Борис после ухода Леля почувствовал усталость, хотелось спать, он прилег в конторе на старой длинной кушетке и тут же перенесся в Подгродецкий свежерасписанный костел. У всех богородиц были лица Калины Колодзей, и почти все они были без одежд. Матеуш стоял на амвоне и кричал: «Люди, что вы с ней сделали?!» В костеле были узкие зарешеченные окна, и под окнами клубился кадильный дым, кто-то громко пел «Veni Creator»[6] на мотив любимой песни «Эй, там убили, да-а-а». Звенели звонки прислужников, прислужники были в мундирах, потом послышался гудок мотоцикла. Над Борисом стоял Матеуш.

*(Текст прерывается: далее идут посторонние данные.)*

lemma integral_power2_norm_lincomb_le:
  fixes f g :: "'a \<Rightarrow> 'F::{real_normed_field,euclidean_space}^'n::finite"
  assumes f: "f \<in> L2 M" and g: "g \<in> L2 M"
  shows "(\<integral>x. (norm (a *s f x + b *s g x))\<^sup>2 \<partial>M)
    \<le> 2 * (norm a)\<^sup>2 * (\<integral>x. (norm (f x))\<^sup>2 \<partial>M)
      + 2 * (norm b)\<^sup>2 * (\<integral>x. (norm (g x))\<^sup>2 \<partial>M)"
proof -
  let ?bound = "\<lambda>x. 2 * (norm a)\<^sup>2 * (norm (f x))\<^sup>2 + 2 * (norm b)\<^sup>2 * (norm (g x))\<^sup>2"
  have bound: "(norm (a *s f x + b *s g x))\<^sup>2 \<le> ?bound x" for x
    using power2_norm_add_le[of "a *s f x" "b *s g x"]
    by (simp add: norm_vector_scalar_mult power_mult_distrib)
  have "integrable M ?bound"
    using L2_integrable[OF f] L2_integrable[OF g] by simp
  moreover have "integrable M (\<lambda>x. (norm (a *s f x + b *s g x))\<^sup>2)"
    using L2_add[OF L2_scalar_mult[OF f] L2_scalar_mult[OF g]] by (rule L2_integrable)
  ultimately have "(\<integral>x. (norm (a *s f x + b *s g x))\<^sup>2 \<partial>M) \<le> (\<integral>x. ?bound x \<partial>M)"
    using bound by (intro integral_mono)
  also have "\<dots> = 2 * (norm a)\<^sup>2 * (\<integral>x. (norm (f x))\<^sup>2 \<partial>M)
      + 2 * (norm b)\<^sup>2 * (\<integral>x. (norm (g x))\<^sup>2 \<partial>M)"
    using L2_integrable[OF f] L2_integrable[OF g] by simp
  finally show ?thesis .
qed

lemma independent_coordinates_scalar_mult:
  fixes \<Phi> :: "'a \<Rightarrow> 'F::field^'n::finite"
  assumes "c \<noteq> 0" "independent_coordinates M \<Phi>"
  shows "independent_coordinates M (\<lambda>x. c *s \<Phi> x)"
proof -
  have "(\<Sum>i\<in>UNIV. u $ i * (c *s \<Phi> x) $ i) = c * (\<Sum>i\<in>UNIV. u $ i * \<Phi> x $ i)" for u x
    by (simp add: sum_distrib_left mult.left_commute)
  then show ?thesis
    using assms by (simp add: independent_coordinates_def)
qed

lemma power2_L2norm_rescaled_perturbation_le:
  fixes f G :: "'a \<Rightarrow> 'F::{real_normed_field,euclidean_space}^'n::finite"
  assumes f: "f \<in> L2 M" and G: "G \<in> L2 M"
  shows "(L2norm M (\<lambda>x. f x - c *s (f x + t *s G x)))\<^sup>2
    \<le> 2 * (norm (1 - c))\<^sup>2 * (\<integral>x. (norm (f x))\<^sup>2 \<partial>M)
      + 2 * (norm (c * t))\<^sup>2 * (\<integral>x. (norm (G x))\<^sup>2 \<partial>M)"
proof -
  have "(\<lambda>x. f x - c *s (f x + t *s G x)) = (\<lambda>x. (1 - c) *s f x + (- (c * t)) *s G x)"
    by (simp add: fun_eq_iff vec_eq_iff algebra_simps)
  moreover have "0 \<le> (\<integral>x. (norm ((1 - c) *s f x + (- (c * t)) *s G x))\<^sup>2 \<partial>M)"
    by (rule integral_nonneg_AE) simp
  ultimately show ?thesis
    using integral_power2_norm_lincomb_le[OF f G, of "1 - c" "- (c * t)"] by (simp add: L2norm_def)
qed

lemma finite_affine_zeros:
  fixes d c :: "'F::field"
  assumes "d \<noteq> 0"
  shows "finite {t. d + t * c = 0}"
proof (rule finite_subset)
  show "{t. d + t * c = 0} \<subseteq> {- d / c}"
  proof
    fix t
    assume "t \<in> {t. d + t * c = 0}"
    then have "t * c = - d"
      by (simp add: add_eq_0_iff)
    moreover from this have "c \<noteq> 0"
      using assms by auto
    ultimately show "t \<in> {- d / c}"
      by (simp add: field_simps)
  qed
qed simp

definition frame_form ::
    "('F::real_normed_field \<Rightarrow> 'F) \<Rightarrow> 'a measure \<Rightarrow> ('a \<Rightarrow> 'F^'n::finite) \<Rightarrow> 'F^'n \<Rightarrow> real" where
  "frame_form cj M \<Phi> v = (\<integral>x. (norm (inner_cj cj v (\<Phi> x)))\<^sup>2 \<partial>M)"

lemma frame_form_nonneg: "0 \<le> frame_form cj M \<Phi> v"
  unfolding frame_form_def by (rule integral_nonneg_AE) simp
(* Let $r\in C([0,\infty);(0,\infty))$ satisfy $r\in\mathrm{RV}_\infty(\mu)$ for some $\mu\in(-1,-1/2)$. Then $c(t):=\int_0^\infty r(s)r(s+t)\,ds$ is finite for every $t\ge0$ and $$\lim_{t\to\infty}\frac{c(t)}{t\,r^2(t)}=\frac{\Gamma(-1-2\mu)\Gamma(1+\mu)}{\Gamma(-\mu)}>0.$$
   Context: $f\in\mathrm{RV}_\infty(\mu)$ means $f(t)=t^\mu L(t)$ with $L$ positive and slowly varying at infinity, i.e. $L(xt)/L(t)\to1$ as $t\to\infty$ for every $x>0$. *)

theory Defs
  imports "HOL-Analysis.Analysis"
begin

definition slowly_varying_at_top :: "(real \<Rightarrow> real) \<Rightarrow> bool" where
  "slowly_varying_at_top L \<longleftrightarrow>
     (\<forall>x>0. ((\<lambda>t. L (x * t) / L t) \<longlongrightarrow> 1) at_top)"

definition regularly_varying_at_top :: "real \<Rightarrow> (real \<Rightarrow> real) \<Rightarrow> bool" where
  "regularly_varying_at_top \<mu> f \<longleftrightarrow>
     (\<exists>L. (\<forall>t>0. L t > 0) \<and> slowly_varying_at_top L \<and> (\<forall>t>0. f t = t powr \<mu> * L t))"

end

theory Submission
  imports Defs
begin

— Я уж думал, что ты умер.

— И я так думал.

— Ты что, пьян?

— Я спал, мне снились какие-то кошмары.

— Едва тебя растолкал.

Борис сел, левой рукой протер глаза, сплюнул.

— Изжога мучит.

— Ты ничего не ел?

— Да, знаешь, у меня есть разрешение на отстрел кабана, которого мы тайком подстрелили с Калиной, поставим в бланке сегодняшнее число. Лель все никак не хотел дать мне разрешения на отстрел, а сегодня сам предложил, может, потому что ты приехал?

— Идем есть.

В мрачноватой комнате, окна которой заслоняли кусты роз, на столе стояли три рюмки, графин с водкой, голубоватой от плавающего в ней тоненького стебелька дрока, кабанье жаркое на блюде, красная печень в отдельной глиняной миске, а посередине прозрачная ваза с алыми гвоздиками — натюрморт в горячем виде, прямо со сковороды.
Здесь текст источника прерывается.